TRY IT:
Copy every line from the records below that carries the word "exists".
DATA SUPPLIED below:
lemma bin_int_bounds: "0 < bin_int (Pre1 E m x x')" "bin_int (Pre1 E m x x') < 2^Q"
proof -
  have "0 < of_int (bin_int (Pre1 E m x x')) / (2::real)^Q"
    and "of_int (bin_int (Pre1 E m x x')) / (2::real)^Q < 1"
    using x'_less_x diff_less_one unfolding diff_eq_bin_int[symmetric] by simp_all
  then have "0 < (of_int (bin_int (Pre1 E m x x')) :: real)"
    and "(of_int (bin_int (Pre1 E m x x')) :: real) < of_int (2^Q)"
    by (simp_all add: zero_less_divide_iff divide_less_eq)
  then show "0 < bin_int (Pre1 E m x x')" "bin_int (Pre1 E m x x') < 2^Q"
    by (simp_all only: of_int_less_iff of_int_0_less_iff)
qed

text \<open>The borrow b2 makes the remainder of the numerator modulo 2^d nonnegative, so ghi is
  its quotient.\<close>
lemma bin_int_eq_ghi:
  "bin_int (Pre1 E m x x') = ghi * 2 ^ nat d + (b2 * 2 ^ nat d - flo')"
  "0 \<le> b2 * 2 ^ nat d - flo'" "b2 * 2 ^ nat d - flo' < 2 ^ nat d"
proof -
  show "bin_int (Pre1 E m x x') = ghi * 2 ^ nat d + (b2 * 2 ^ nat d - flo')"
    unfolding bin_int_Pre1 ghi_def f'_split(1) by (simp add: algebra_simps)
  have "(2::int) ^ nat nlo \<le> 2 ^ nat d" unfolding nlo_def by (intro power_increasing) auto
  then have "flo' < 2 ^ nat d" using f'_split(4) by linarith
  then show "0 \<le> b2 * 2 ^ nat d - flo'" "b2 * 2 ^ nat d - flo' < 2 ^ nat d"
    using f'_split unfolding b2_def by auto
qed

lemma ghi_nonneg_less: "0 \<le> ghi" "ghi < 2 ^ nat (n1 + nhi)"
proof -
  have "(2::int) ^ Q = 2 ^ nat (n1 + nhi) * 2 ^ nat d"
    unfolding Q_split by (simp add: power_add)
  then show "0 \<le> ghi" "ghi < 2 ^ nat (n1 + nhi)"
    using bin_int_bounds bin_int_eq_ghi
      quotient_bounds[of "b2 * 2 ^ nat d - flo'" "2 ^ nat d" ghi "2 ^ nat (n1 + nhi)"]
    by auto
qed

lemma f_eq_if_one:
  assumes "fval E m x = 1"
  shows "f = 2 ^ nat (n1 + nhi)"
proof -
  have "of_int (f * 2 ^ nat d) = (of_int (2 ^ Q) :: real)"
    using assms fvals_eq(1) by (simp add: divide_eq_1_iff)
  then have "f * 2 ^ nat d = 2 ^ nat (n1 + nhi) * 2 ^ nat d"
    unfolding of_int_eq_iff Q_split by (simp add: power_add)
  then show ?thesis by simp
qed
End of DATA SUPPLIED.
DATA SUPPLIED below:
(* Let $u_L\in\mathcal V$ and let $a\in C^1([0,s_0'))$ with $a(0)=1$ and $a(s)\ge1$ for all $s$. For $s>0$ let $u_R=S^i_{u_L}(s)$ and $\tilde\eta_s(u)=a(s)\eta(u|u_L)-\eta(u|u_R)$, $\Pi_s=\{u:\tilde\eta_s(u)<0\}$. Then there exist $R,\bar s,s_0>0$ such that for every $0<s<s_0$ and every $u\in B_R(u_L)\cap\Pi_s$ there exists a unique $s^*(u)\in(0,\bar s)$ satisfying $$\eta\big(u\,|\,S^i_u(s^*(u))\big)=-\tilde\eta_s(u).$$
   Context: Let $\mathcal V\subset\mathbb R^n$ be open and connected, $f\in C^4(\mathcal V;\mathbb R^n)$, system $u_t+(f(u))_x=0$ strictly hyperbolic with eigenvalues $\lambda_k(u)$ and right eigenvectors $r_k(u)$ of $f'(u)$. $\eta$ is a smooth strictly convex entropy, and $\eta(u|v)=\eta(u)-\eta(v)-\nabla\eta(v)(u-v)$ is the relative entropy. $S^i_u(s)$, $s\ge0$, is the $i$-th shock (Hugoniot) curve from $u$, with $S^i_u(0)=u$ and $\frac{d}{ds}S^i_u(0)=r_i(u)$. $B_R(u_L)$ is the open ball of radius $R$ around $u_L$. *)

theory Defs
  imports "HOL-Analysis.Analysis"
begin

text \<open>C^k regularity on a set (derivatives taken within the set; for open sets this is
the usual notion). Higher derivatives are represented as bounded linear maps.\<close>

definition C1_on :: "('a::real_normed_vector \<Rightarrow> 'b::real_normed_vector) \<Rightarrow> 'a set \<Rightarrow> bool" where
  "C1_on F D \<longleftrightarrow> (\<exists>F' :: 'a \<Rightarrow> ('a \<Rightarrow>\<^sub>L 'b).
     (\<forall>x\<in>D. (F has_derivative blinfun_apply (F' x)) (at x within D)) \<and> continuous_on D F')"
End of DATA SUPPLIED.
ANSWER FOR THIS EXERCISE:
(* Let $u_L\in\mathcal V$ and let $a\in C^1([0,s_0'))$ with $a(0)=1$ and $a(s)\ge1$ for all $s$. For $s>0$ let $u_R=S^i_{u_L}(s)$ and $\tilde\eta_s(u)=a(s)\eta(u|u_L)-\eta(u|u_R)$, $\Pi_s=\{u:\tilde\eta_s(u)<0\}$. Then there exist $R,\bar s,s_0>0$ such that for every $0<s<s_0$ and every $u\in B_R(u_L)\cap\Pi_s$ there exists a unique $s^*(u)\in(0,\bar s)$ satisfying $$\eta\big(u\,|\,S^i_u(s^*(u))\big)=-\tilde\eta_s(u).$$
  "C1_on F D \<longleftrightarrow> (\<exists>F' :: 'a \<Rightarrow> ('a \<Rightarrow>\<^sub>L 'b).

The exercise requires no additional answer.